This Weekend: Musiqa, the Ballet and Pierre Jalbert Deliver ‘New Music, New Movement’

This Weekend: Musiqa, the Ballet and Pierre Jalbert Deliver ‘New Music, New Movement’

Pierre Jalbert (photo by Richard Bowditch)

THIS WEEKEND AT MATCH, Houston contemporary music ensemble Musiqa, well known for its dedication to integrating concert performances with other artistic mediums, presents its first concert for 2023: New Year, New Music, New Movement. The shows take place Jan. 20 and 21.

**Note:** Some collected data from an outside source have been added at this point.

(* Let $R=k[x_1,\dots,x_m]$ be a standard graded polynomial ring over an infinite field $k$, $\lambda:\mathbb Z^m\to\mathbb Z$ a linear map, and $I$ a homogeneous ideal. With $S$ and $\widetilde I$ as in the context, $$r(R/\operatorname{in}_\lambda(I))=r(S/\widetilde I).$$
   Context: For a monomial $u=x^b$, $\lambda(u)=\lambda(b)$. For $0\ne g=\sum a_iu_i\in R$, $\operatorname{in}_\lambda(g)$ is the sum of terms of maximal weight, and $\operatorname{in}_\lambda(I)$ is generated by all $\operatorname{in}_\lambda(g)$, $0\ne g\in I$. With $b(g)=\max\lambda(u_i)$ and a new variable $t$, put $g^*=t^{b(g)}g(t^{-\lambda(x_1)}x_1,\dots,t^{-\lambda(x_m)}x_m)$; $I^*\subseteq R[t]$ is generated by all $g^*$, $g\in I$; $S=k[t]_{(t)}[x_1,\dots,x_m]$ is a standard graded algebra over the local ring $k[t]_{(t)}$ ($\deg x_i=1$, $\deg t=0$), and $\widetilde I=I^*S$. For a standard graded algebra $T$ over a local ring and a finitely generated graded $T$-module $E$ (here $E=R/\operatorname{in}_\lambda(I)$ over $R$, or $E=S/\widetilde I$ over $S$): a reduction of $E$ is an ideal $Q$ of $T$ generated by elements of degree $1$ with $(QE)_n=E_n$ for all large $n$; $r_Q(E)$ is the least $n_0$ with $(QE)_n=E_n$ for all $n>n_0$; $Q$ is minimal if it contains no other reduction of $E$; $r(E)=\min\{r_Q(E):Q\text{ minimal reduction of }E\}$. *)

theory Defs
  imports "HOL-Library.Poly_Mapping" "HOL-Computational_Algebra.Polynomial"
          "HOL-Computational_Algebra.Fraction_Field"
begin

New Year, New Music, New Movement features two dances choreographed and performed by members of Houston Ballet II; solo piano works by Rice University student composers Badie Khaleghian, Olivia Bennett and Alex Berko; and the world premiere of All Is Now, a colorful, exciting composition for flute, clarinet, horn, two violins, viola, cello, piano and percussion by Pierre Jalbert.

The past six months have been especially exciting for Jalbert, who is a professor of music at Rice University. There were several performances of his music by esteemed ensembles in New York, Nashville and Boston. In September 2022, Orchid Classics released String Theory, a CD consisting entirely of compositions for strings by Jalbert, featuring performances by Houston’s own Kinetic Ensemble and the Shepherd School Symphony Orchestra. His newest composition, All Is Now, reflects on the importance of giving fidelity to the moment, and its title refers as much to our current moment in time as it does the months of the Covid-19 pandemic when the piece was composed.

The composer Morton Feldman once wrote with regard to time, “I am not a clockmaker, I am interested in getting to Time in its unstructured existence. ... in how this wild beast lives in the jungle – not in the zoo.” Jalbert laughs when he hears the quote.

“There’s a sort of magic in the ways that music can make us perceive time in different ways,” says Jalbert, who explains certain sections of All Is Now contain a lot of activity, a kind of “organized chaos,” and yet have a feeling of stasis, like a pool of sound. Exploring the ways in which music effects a listener’s perception of time certainly isn’t a new concept; Jalbert names Bartok, Debussy and Tōru Takemitsu as three examples of composers who, like Feldman, worked with the idea of suspended time in different ways. More recently, in February 2022, composer Tyshawn Sorey paid homage to Feldman with Monochromatic Light (Afterlife), which premiered at the Rothko Chapel. “Each generation reinvents it in their own way,” says Jalbert.

Founded in 2002 and currently led by Houston composers Jalbert, Karim Al-Zand, Anthony Brandt and Marcus Maroney, Musiqa has presented works by more than 225 living composers, commissioned new works by both established and emerging composers, and collaborated in performance with a cross-section of Houston dancers, actors, poets, filmmakers and visual artists. Its national honors include 11 awards from the National Endowment for the Arts, and two Awards for Adventurous Programming from Chamber Music America/ASCAP. Over the years, the organization’s innovative educational programming initiatives have served over 50,000 public school students from more than 230 schools in and around Houston.

Coming up, new music fans can look forward to Musiqa presenting concerts at the Museum of Fine Arts, Houston, complementing the organization’s long history of performances at the Contemporary Arts Museum, Houston.